The latest from Trump is that he wants to exempt overtime pay from income taxation. A few weeks after he said he wanted to exempt tips from income taxation.

I noticed Scott Lincicome's query:

Also of note:
  • Might be useful if you venture onto a college campus. Greg Lukianoff guests on Quillette to provide Answers to 12 Bad Anti-Free Speech Arguments. Let's just look at the first one:

    Assertion 1: Free speech was created under the false notion that words and violence are distinct, but we now know that certain speech is more akin to violence.

    Answer: Speech equals violence isn’t a new idea. It’s a very old—and very bad—idea.

    On campus, I often run into people—not only students, but professors—who seem to think they’re the first to notice that the speech/violence distinction is a social construct. They conclude that this means it’s an arbitrary distinction—and that, since it’s arbitrary, the line can be put where they please. (Conveniently, they draw the line based on their personal views: if it’s speech that they happen to hate, then it just might be violence.) But, ironically, the whole point of freedom of speech, from its beginning, has been to enable people to sort things out without resorting to violence.

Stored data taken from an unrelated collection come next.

(* Let $n\ge3$, $\mathcal C,\mathcal P\in\mathbb R^n$ and $\mathcal A\in\Lambda^2\mathbb R^n$, and for $u\in\overline{\mathcal S}(\mathbb R^n)$ put $F(u)=\langle\mathcal C,X(u)\rangle+\langle\mathcal P,Y(u)\rangle+\langle\mathcal A,\omega(u)\rangle$. Suppose one of the following holds: (1) $\mathcal A=0$; (2) $\mathcal A$ is a simple two-form and $\mathcal C=0$; (3) $\mathcal A$ is a simple two-form and $\mathcal P=0$. Then the minimum of $F$ over $\{u:|u|=1\}$ is attained at some $u$ with $N(u)=|X(u)|=|Y(u)|=1$.
   Context: $\overline{\mathcal S}(\mathbb R^n)=\mathcal S\oplus\mathcal S$, where $\mathcal S$ is the complex spinor module of $\mathbb R^n$ with Hermitian inner product $\langle\cdot,\cdot\rangle$ (complex linear in the first slot) on which vectors act skew-Hermitian with $vw+wv=-2\langle v,w\rangle$; $\overline{\mathcal S}$ has direct-sum inner product, and a vector $e_l$ and an extra element $e_0$ act by $e_l(\psi_1,\psi_2)=(e_l\psi_1,-e_l\psi_2)$, $e_0(\psi_1,\psi_2)=(\psi_2,\psi_1)$. For the standard basis $\{e_i\}$ with summation: $N(u)=|u|^2$, $X(u)=\langle e_ie_0u,u\rangle e_i$, $Y(u)=\langle\mathbf ie_iu,u\rangle e_i$, $\omega_{ij}(u)=\operatorname{Im}\langle e_ie_je_0u,u\rangle$. The pairing of two-forms is $\langle\mathcal A,\omega\rangle=\sum_{i<j}\mathcal A_{ij}\omega_{ij}$. A two-form $\mathcal A$ is simple if $\mathcal A=a\,e_1'\wedge e_2'$ for some $a\in\mathbb R$ and some orthonormal $e_1',e_2'$. *)

theory Defs
  imports Complex_Main
begin

text \<open>Vectors of C^m are functions nat => complex (only indices < m matter);
  complex m x m matrices are functions nat => nat => complex.
  The basis vector e_{i+1} of R^n is indexed by i < n.\<close>

type_synonym cvec = "nat \<Rightarrow> complex"
type_synonym cmat = "nat \<Rightarrow> nat \<Rightarrow> complex"
type_synonym spinor2 = "cvec \<times> cvec"

definition mact :: "nat \<Rightarrow> cmat \<Rightarrow> cvec \<Rightarrow> cvec" where
  "mact m M \<psi> = (\<lambda>k. \<Sum>l<m. M k l * \<psi> l)"

definition cinner :: "nat \<Rightarrow> cvec \<Rightarrow> cvec \<Rightarrow> complex" where
  "cinner m \<psi> \<phi> = (\<Sum>k<m. \<psi> k * cnj (\<phi> k))"

definition is_spinor_module :: "nat \<Rightarrow> nat \<Rightarrow> (nat \<Rightarrow> cmat) \<Rightarrow> bool" where
  "is_spinor_module n m E \<longleftrightarrow> m = 2 ^ (n div 2) \<and>
     (\<forall>i<n. \<forall>k<m. \<forall>l<m. E i k l = - cnj (E i l k)) \<and>
     (\<forall>i<n. \<forall>j<n. \<forall>k<m. \<forall>l<m.
        (\<Sum>p<m. E i k p * E j p l + E j k p * E i p l) = (if i = j \<and> k = l then -2 else 0))"

definition dinner :: "nat \<Rightarrow> spinor2 \<Rightarrow> spinor2 \<Rightarrow> complex" where
  "dinner m u v = cinner m (fst u) (fst v) + cinner m (snd u) (snd v)"

text \<open>action of e_l on S + S\<close>
definition dvec :: "nat \<Rightarrow> (nat \<Rightarrow> cmat) \<Rightarrow> nat \<Rightarrow> spinor2 \<Rightarrow> spinor2" where
  "dvec m E l u = (mact m (E l) (fst u), \<lambda>k. - mact m (E l) (snd u) k)"

text \<open>action of e_0 on S + S\<close>
definition de0 :: "spinor2 \<Rightarrow> spinor2" where
  "de0 u = (snd u, fst u)"

definition dscale :: "complex \<Rightarrow> spinor2 \<Rightarrow> spinor2" where
  "dscale c u = (\<lambda>k. c * fst u k, \<lambda>k. c * snd u k)"

definition Nsp :: "nat \<Rightarrow> spinor2 \<Rightarrow> real" where
  "Nsp m u = Re (dinner m u u)"

definition spnorm :: "nat \<Rightarrow> spinor2 \<Rightarrow> real" where
  "spnorm m u = sqrt (Nsp m u)"

definition Xsp :: "nat \<Rightarrow> (nat \<Rightarrow> cmat) \<Rightarrow> spinor2 \<Rightarrow> nat \<Rightarrow> real" where
  "Xsp m E u = (\<lambda>i. Re (dinner m (dvec m E i (de0 u)) u))"

definition Ysp :: "nat \<Rightarrow> (nat \<Rightarrow> cmat) \<Rightarrow> spinor2 \<Rightarrow> nat \<Rightarrow> real" where
  "Ysp m E u = (\<lambda>i. Re (dinner m (dscale \<i> (dvec m E i u)) u))"

definition omega :: "nat \<Rightarrow> (nat \<Rightarrow> cmat) \<Rightarrow> spinor2 \<Rightarrow> nat \<Rightarrow> nat \<Rightarrow> real" where
  "omega m E u = (\<lambda>i j. Im (dinner m (dvec m E i (dvec m E j (de0 u))) u))"

definition rinner :: "nat \<Rightarrow> (nat \<Rightarrow> real) \<Rightarrow> (nat \<Rightarrow> real) \<Rightarrow> real" where
  "rinner n x y = (\<Sum>i<n. x i * y i)"

definition rnorm :: "nat \<Rightarrow> (nat \<Rightarrow> real) \<Rightarrow> real" where
  "rnorm n x = sqrt (rinner n x x)"

definition is_two_form :: "nat \<Rightarrow> (nat \<Rightarrow> nat \<Rightarrow> real) \<Rightarrow> bool" where
  "is_two_form n A \<longleftrightarrow> (\<forall>i<n. \<forall>j<n. A i j = - A j i)"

A quotation often attributed to Sigmund Freud (which he attributed to another writer) conveys this: “The first human being who hurled an insult instead of a stone was the founder of civilisation.”

    Yes, a strong distinction between the expression of opinion and violence is a social construct, but it’s one of the best social constructs for peaceful coexistence, innovation, and progress that’s ever been invented. Redefining the expression of opinion as violence is a formula for a chain reaction of endless violence, repression and regression.

    What I learned from this: Freud wasn't wrong about everything.

  • It's not just the left, but OK. Jonathan Turley has a WSJ op-ed describing The Left’s Assault on the Constitution.

    Kamala Harris declared in Tuesday’s debate that a vote for her is a vote “to end the approach that is about attacking the foundations of our democracy ’cause you don’t like the outcome.” She was alluding to the 2021 Capitol riot, but she and her party are also attacking the foundations of our democracy: the Supreme Court and the freedom of speech.

    Several candidates for the 2020 presidential nomination, including Ms. Harris, said they were open to the idea of packing the court by expanding the number of seats. Mr. Biden opposed the idea, but a week after he exited the 2024 presidential race, he announced a “bold plan” to “reform” the high court. It would pack the court via term limits and also impose a “binding code of conduct,” aimed at conservative justices.

    Ms. Harris quickly endorsed the proposal in a statement, citing a “clear crisis of confidence” in the court owing to “decision after decision overturning long-standing precedent.” She might as well have added “because you don’t like the outcome.” Sen. Sheldon Whitehouse (D., R.I.) has already introduced ethics and term-limits legislation and said Ms. Harris’s campaign has told him “that your bills are precisely aligned with what we are talking about.”

    Turley has gathered an impressive collection of quotes from (mostly) professors and politicians, decrying (in one case) "that little piece of paper", the Constitution, that's an obstacle on the Road to Serfdom.

  • On the "crack down" watch. Ars Technica reports the latest: Biden moves to crack down on Shein and Temu, slow shipments into US.

    The Biden administration has proposed rules that could make it more costly for Chinese e-commerce platforms like Shein and Temu to ship goods into the US.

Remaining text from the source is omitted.